— Я дальше боюсь нырять! — признался молодший. — Назад не доплыву.
4
Евгения Анатольевна вышивала на пяльцах. Ее семейство так часто меняло место жительства, что она привыкла устраивать жилье за час-другой. Шифоньеров и диванов они не нажили, а нажили дубовый стол, никелированную кровать да патефон. Еще было два сундука: большой — Федино ложе и маленький — ложе Феликса.
Был дощатый ящик. Его ставили на бок — ложе бабки Веры. Тетя Люся и Милка спали на полу, зато на перине. Вот и вся мебель. Из движимого владели они коровой Красавкой, телушкой Жданкой и четырьмя овцами. Тремя безымянными, а четвертая была с именем. Ее звали Кормилица. Она всякий раз приносила по три ягненка.
Библиотека помещалась в ящике для пластинок — Федином портфеле.

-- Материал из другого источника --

(* Let $p$ be a prime, let $\Gamma$ be a finite connected $p$-valent arc-transitive graph, and let $G\le \mathrm{Aut}(\Gamma)$ be a solvable group acting transitively on the arcs of $\Gamma$. Then $G$, as a permutation group on the vertex set of $\Gamma$, has the EKR property.
   Context: For a permutation group $G$ on a finite set $V$, a subset $\mathcal{F}\subseteq G$ is intersecting if for all $g,h\in\mathcal{F}$ there is $v\in V$ with $g(v)=h(v)$. $G$ has the Erdős–Ko–Rado (EKR) property if the maximum size of an intersecting set of $G$ equals the maximum order of a point stabilizer $G_v$, $v\in V$. *)

theory Defs
  imports "HOL-Computational_Algebra.Primes" "HOL-Algebra.Solvable_Groups" "HOL-Combinatorics.Permutations"
begin

definition simple_graph :: "'a set \<Rightarrow> ('a \<Rightarrow> 'a \<Rightarrow> bool) \<Rightarrow> bool" where
  "simple_graph V E \<longleftrightarrow> finite V \<and> (\<forall>u v. E u v \<longrightarrow> u \<in> V \<and> v \<in> V)
     \<and> (\<forall>u v. E u v \<longrightarrow> E v u) \<and> (\<forall>v. \<not> E v v)"

definition connected_graph :: "'a set \<Rightarrow> ('a \<Rightarrow> 'a \<Rightarrow> bool) \<Rightarrow> bool" where
  "connected_graph V E \<longleftrightarrow> V \<noteq> {} \<and> (\<forall>u\<in>V. \<forall>v\<in>V. E\<^sup>*\<^sup>* u v)"

definition regular_graph :: "'a set \<Rightarrow> ('a \<Rightarrow> 'a \<Rightarrow> bool) \<Rightarrow> nat \<Rightarrow> bool" where
  "regular_graph V E k \<longleftrightarrow> (\<forall>v\<in>V. card {w. E v w} = k)"

definition graph_aut :: "'a set \<Rightarrow> ('a \<Rightarrow> 'a \<Rightarrow> bool) \<Rightarrow> ('a \<Rightarrow> 'a) \<Rightarrow> bool" where
  "graph_aut V E f \<longleftrightarrow> f permutes V \<and> (\<forall>u v. E u v \<longleftrightarrow> E (f u) (f v))"

definition perm_monoid :: "('a \<Rightarrow> 'a) set \<Rightarrow> ('a \<Rightarrow> 'a) monoid" where
  "perm_monoid G = \<lparr>carrier = G, monoid.mult = (\<circ>), one = id\<rparr>"

definition arcs :: "('a \<Rightarrow> 'a \<Rightarrow> bool) \<Rightarrow> ('a \<times> 'a) set" where
  "arcs E = {(u, v). E u v}"

definition arc_transitive_on :: "('a \<Rightarrow> 'a \<Rightarrow> bool) \<Rightarrow> ('a \<Rightarrow> 'a) set \<Rightarrow> bool" where
  "arc_transitive_on E G \<longleftrightarrow>
     (\<forall>a\<in>arcs E. \<forall>b\<in>arcs E. \<exists>g\<in>G. (g (fst a), g (snd a)) = b)"

definition intersecting :: "'a set \<Rightarrow> ('a \<Rightarrow> 'a) set \<Rightarrow> bool" where
  "intersecting V F \<longleftrightarrow> (\<forall>g\<in>F. \<forall>h\<in>F. \<exists>v\<in>V. g v = h v)"

definition stabilizer :: "('a \<Rightarrow> 'a) set \<Rightarrow> 'a \<Rightarrow> ('a \<Rightarrow> 'a) set" where
  "stabilizer G v = {g \<in> G. g v = v}"

definition EKR :: "'a set \<Rightarrow> ('a \<Rightarrow> 'a) set \<Rightarrow> bool" where
  "EKR V G \<longleftrightarrow>
     Max {card F | F. F \<subseteq> G \<and> intersecting V F} = Max {card (stabilizer G v) | v. v \<in> V}"

end

theory Submission
  imports Defs
begin

text \<open>By the clique-coclique bound, a permutation group \<open>G\<close> on \<open>V\<close> has the EKR property as soon
  as it contains a sharply transitive subset \<open>C\<close>: then \<open>|G| = |C| |G\<^sub>v|\<close>, and for every intersecting
  family \<open>F\<close> the map \<open>(f, c) \<mapsto> c\<inverse> f\<close> embeds \<open>F \<times> C\<close> into \<open>G\<close>.

  Such a \<open>C\<close> is found by induction on \<open>|V|\<close>.  Solvability gives a normal subgroup \<open>N\<close> acting
  nontrivially and commutatively on \<open>V\<close>.  If \<open>N\<close> is transitive it acts regularly, and one
  element of \<open>N\<close> for each image of a fixed point is such a subset.  If no vertex has two neighbours in one \<open>N\<close>-orbit, the normal quotient is again a
  connected \<open>p\<close>-valent graph on which \<open>G\<close> acts arc-transitively, and a sharply transitive subset
  for it lifts along the semiregular group \<open>N\<close>.  Otherwise the prime valency makes the graph
  bipartite with the two \<open>N\<close>-orbits as halves.  Then \<open>C\<close> is built from the pointwise stabiliser
  \<open>K\<close> of one half if \<open>K\<close> is trivial or transitive on the other half; in the remaining case the
  product of the two half stabilisers is a normal subgroup to which the quotient step applies.\<close>

lemma (in group) derived_series_normal: "(derived G ^^ n) (carrier G) \<lhd> G"
  by (induction n) (simp_all add: normal_self derived_is_normal)
lemma neg_powr_tangent_bound:
  fixes a k q :: real
  assumes a: "0 < a" and ak: "a < k" and q: "q > 0"
  shows "k powr (-q) + q * k powr (-q - 1) * (k - a) \<le> a powr (-q)"
proof -
  define h where "h = (k - a) / k"
  have k: "k > 0" using a ak by simp
  have h: "0 < h" "h < 1" using a ak k by (auto simp: h_def field_simps)
  have "q * h \<le> - q * ln (1 - h)"
    using mult_left_mono[OF ln_le_minus_one[of "1 - h"], of q] h q by simp
  then have "1 + q * h \<le> exp (- q * ln (1 - h))"
    using exp_ge_add_one_self[of "- q * ln (1 - h)"] by linarith
  also have "\<dots> = (1 - h) powr (-q)" using h by (simp add: powr_def)
  finally have "k powr (-q) * (1 + q * h) \<le> k powr (-q) * (1 - h) powr (-q)"
    by (intro mult_left_mono) auto
  also have "\<dots> = a powr (-q)"
    using k h by (simp add: powr_mult[symmetric] h_def field_simps)
  also have "k powr (-q) * (1 + q * h) = k powr (-q) + q * k powr (-q - 1) * (k - a)"
    using k by (simp add: h_def powr_diff field_simps)
  finally show ?thesis .
qed
lemma derivable_cut2:
  assumes cut_l: "admissible_cut1 l" and left: "derivable Sig Gam (add_mset (Box G l) Del)"
  shows "derivable S Gam' Del' \<Longrightarrow> Box G l \<in># S \<Longrightarrow>
    derivable (S - {#Box G l#} + Sig) (Gam + Gam') (Del + Del')"
proof (induction rule: derivable.induct)
  case (D_K Ps b H S Pi Om)
  have "boxed_ms S" using D_K.hyps(3) by (auto simp: boxed_ms_def)
  show ?case
  proof (cases "G \<subseteq> H")
    case True
    then have "Box G l \<notin># S" using D_K.hyps(3) by auto
    moreover have "Box G l \<in># S + boxes Ps" using D_K.prems .
    ultimately have "Box G l \<in># boxes Ps" by (meson union_iff)
    then have "(G, l) \<in># Ps" unfolding Box_in_boxes_iff .
    then obtain Ps' where Ps: "Ps = add_mset (G, l) Ps'" by (metis multi_member_split)
    have "derivable (Sig + S + boxes Ps') Gam (add_mset (Box H b) Del)"
      using derivable_replace_Box_right[OF cut_l _ _ True \<open>boxed_ms S\<close> left] D_K.hyps(1,2) Ps
      by simp
    then have "derivable (Sig + S + boxes Ps' + {#}) (Gam + Pi) (add_mset (Box H b) Del + Om)"
      by (rule derivable_weaken[OF boxed_ms_empty])
    with Ps show ?thesis by (simp add: ac_simps)
  next
    case False
    then have "(G, l) \<notin># Ps" using D_K.hyps(2) by auto
    then have "Box G l \<notin># boxes Ps" unfolding Box_in_boxes_iff .
    with D_K.prems have "Box G l \<in># S" by (meson union_iff)
    have "derivable (S - {#Box G l#} + boxes Ps) Pi (add_mset (Box H b) Om)"
      using D_K by (intro derivable.D_K) (auto dest: in_diffD)
    then have "derivable (S - {#Box G l#} + boxes Ps + Sig) (Pi + Gam)
        (add_mset (Box H b) Om + Del)"
      using derivable_boxed_ms[OF left] by (rule derivable_weaken[rotated])
    moreover have "S + boxes Ps - {#Box G l#} = S - {#Box G l#} + boxes Ps"
      using \<open>Box G l \<in># S\<close> by (rule union_diff_single_left)
    ultimately show ?thesis by (simp add: add.commute)
  qed
qed (use derivable_boxed_ms[OF left] in
      \<open>simp_all add: boxed_ms_diff derivable.init_atom derivable.init_bot derivable_context_rules\<close>)

lemma admissible_cut1_Atom: "admissible_cut1 (Atom p :: ('a, 'p) fm)"
proof (rule admissible_cut1I)
  fix Gam Del Gam' Del' :: "('a, 'p) fm multiset"
  assume left: "derivable {#} Gam (add_mset (Atom p) Del)"
    and right: "derivable {#} (add_mset (Atom p) Gam') Del'"
  show "derivable {#} (Gam + Gam') (Del + Del')"
    using derivable_cut_Atom[OF left right] by simp
qed
(* Let $G:[-1,1]\to\mathbb{R}$ be continuous and non-decreasing with $G(0)=0$, $\beta\in\mathbb{R}$, $Z$ a real random variable and $B$ an independent standard Brownian motion. For $\ell\in\mathbb M$ define $\Gamma[\ell]_t:=\mathbb{P}(\tau^\ell\le t)$, $t\ge0$, where $X^\ell_t:=Z+\beta t+B_t-G(\ell_t)$ and $\tau^\ell:=\inf\{t\ge0:X^\ell_t\le0\}$. Then for any $(\ell^n)_{n\ge1}\subset\mathbb M$ and $\ell\in\mathbb M$ with $\lim_{n\to\infty}\hat d(\ell^n,\ell)=0$, $$\limsup_{n\to\infty}\Gamma[\ell^n]_t\le\Gamma[\ell]_t\quad\text{for all }t\ge0.$$
   Context: $\mathbb M$ is the set of non-decreasing càdlàg functions $\ell$ on $[-1,\infty)$ with $\ell_t=0$ for $t\in[-1,0)$ and $\ell_\infty:=\lim_{t\to\infty}\ell_t\le1$. The Lévy distance on $\mathbb M$ is $d(\ell,\ell'):=\inf\{\varepsilon>0:\ \ell_{t+\varepsilon}+\varepsilon\ge\ell'_t\ge\ell_{t-\varepsilon}-\varepsilon\ \forall t\ge0\}$. For $t\ge0$ let $\ell_{t\wedge}$ denote the function $s\mapsto\ell_{\min(t,s)}$, $d_t(\ell,\ell'):=d(\ell_{t\wedge},\ell'_{t\wedge})$, and $\hat d(\ell,\ell'):=\int_0^\infty e^{-t}(d_t(\ell,\ell')\wedge1)\,\mathrm dt$. *)

theory Defs
  imports "HOL-Probability.Probability"
begin

text \<open>The class M of non-decreasing cadlag functions on [-1,infinity), vanishing on [-1,0),
  with limit at infinity at most 1.  Functions are represented on all of the reals, with the
  convention that they vanish on all negative reals (which agrees with the paper on [-1,0)).\<close>
definition Mset :: "(real \<Rightarrow> real) set" where
  "Mset = {l. (\<forall>s<0. l s = 0) \<and> mono l \<and> (\<forall>t. continuous (at_right t) l)
              \<and> (\<forall>t. l t \<le> 1)}"

definition levy_dist :: "(real \<Rightarrow> real) \<Rightarrow> (real \<Rightarrow> real) \<Rightarrow> real" where
  "levy_dist l l' = Inf {\<epsilon>. \<epsilon> > 0 \<and>
      (\<forall>t\<ge>0. l (t + \<epsilon>) + \<epsilon> \<ge> l' t \<and> l' t \<ge> l (t - \<epsilon>) - \<epsilon>)}"

definition stopped :: "real \<Rightarrow> (real \<Rightarrow> real) \<Rightarrow> (real \<Rightarrow> real)" where
  "stopped t l = (\<lambda>s. l (min t s))"

definition levy_dist_t :: "real \<Rightarrow> (real \<Rightarrow> real) \<Rightarrow> (real \<Rightarrow> real) \<Rightarrow> real" where
  "levy_dist_t t l l' = levy_dist (stopped t l) (stopped t l')"
text \<open>The divisors \<open>d\<close> of \<open>n\<close> with \<open>coprime r (n div d)\<close> are closed under gcd, because
  \<open>n div gcd d g\<close> divides \<open>(n div d) * (n div g)\<close>; so the least one divides all of them.\<close>

lemma dn_dvd_divisor:
  assumes "n > 0" "g dvd n" "coprime r (n div g)"
  shows "dn n r dvd g"
proof -
  define d where "d = dn n r"
  define h where "h = gcd d g"
  have "d > 0" "d dvd n" "coprime r (n div d)"
    unfolding d_def using dn_spec[OF assms(1)] by auto
  have "h > 0" "h dvd d" "h dvd n"
    unfolding h_def using \<open>d > 0\<close> \<open>d dvd n\<close> by (auto intro: dvd_trans)
  define u where "u = n div d"
  define w where "w = n div g"
  have "u * d = n" "w * g = n" unfolding u_def w_def using \<open>d dvd n\<close> assms(2) by simp_all
  then have "u * w * d = n * w" "u * w * g = n * u" by (metis mult.commute mult.left_commute)+
  have "h * (u * w) = gcd (u * w * d) (u * w * g)"
    unfolding h_def by (simp add: gcd_mult_distrib_nat ac_simps)
  also have "\<dots> = gcd (n * w) (n * u)"
    by (simp only: \<open>u * w * d = n * w\<close> \<open>u * w * g = n * u\<close>)
  also have "\<dots> = h * (n div h * gcd w u)"
    using \<open>h dvd n\<close> by (simp add: gcd_mult_distrib_nat[symmetric] mult.assoc[symmetric])
  finally have "n div h dvd u * w" using \<open>h > 0\<close> by simp
  moreover have "coprime r (u * w)"
    using \<open>coprime r (n div d)\<close> assms(3) unfolding u_def w_def by simp
  ultimately have "coprime r (n div h)" using coprime_divisors[OF dvd_refl] by blast
  then have "d \<le> h" unfolding d_def using \<open>h > 0\<close> \<open>h dvd n\<close> by (simp add: dn_le)
  then have "h = d" using \<open>h dvd d\<close> \<open>d > 0\<close> by (simp add: dvd_imp_le le_antisym)
  then show ?thesis unfolding d_def h_def by (metis gcd_dvd2)
qed

definition admissible_perms :: "nat \<Rightarrow> 'a set \<Rightarrow> ('a \<Rightarrow> 'a) set" where
  "admissible_perms n S = {f. f permutes S \<and> (\<forall>r. dn n r dvd card (cycles_of_len f S r))}"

Евгения Анатольевна о том, богата она или бедна, не задумывалась. О богатстве ли думать, когда целые города стали — прах и дым. А Федя почитал себя богатым. У него был отец. У него была еда. У него даже сапоги были, а на зиму валенки и шуба из овчины…
Стол посредине, кровать за перегородкой, сундуки в углах, бабкин ящик — за печкой. Все было на местах, и Евгения Анатольевна вышивала.
Бабка Вера на дворе колола сухое полено на лучину, самовар собиралась ставить.
Федя покрутился возле матери, нашел «портфель», выложил книги. Даже теперь, когда торопился, когда задумал дело тайное, Федя подержал в руках каждый томик. Это все были его друзья: «Вечера на хуторе близ Диканьки», «Остров сокровищ», «Робинзон Крузо», «Детство Никиты», «Русские народные сказки», «Синдбад-мореход», «Кавказский пленник» Льва Толстого, два тома о боях финской войны, номер журнала «Мурзилка», где было написано про Александра Македонского, и два тома «Войны и мира». «Войну и мир» Федя не читал из уважения. Отец говорил, что эта книга равных себе не знает, книга книг.
— По школе соскучился? — удивилась мама.
— Соскучился.
— Дай про войну посмотреть! — прибежал Феликс.
— Смотри! — Федя был добрый сегодня.
Он подхватил ящик-«портфель», выскользнул в темные сенцы, осмотрелся. Бабка Вера все еще щипала лучину. Федя метнулся к ларю, открыл, развязал мешок с мукой и ящиком-«портфелем» черпанул сколько мог. Было Феде видно: бабка Вера перестала колоть полено и теперь собирала лучину, значит, через минуту-другую пойдет сенями. Федя черпанул другой стороной «портфеля», по неловкости хлопнул крышкой ларя, чуть голову себе не защемил и — наутек. На улице он спрятался за забором. Бабка Вера выглянула-таки из дверей, вытянула, как гусак, шею, зашептала что-то, скрылась и тотчас опять выглянула. Федя знал про все бабкины хитрости и не попался.
Яшка муке обрадовался, но сразу спросил:
— Спер?
— Я — взял, — сказал Федя.
— Значит, спер, а ворованное как же принять? Ворованное принять нельзя.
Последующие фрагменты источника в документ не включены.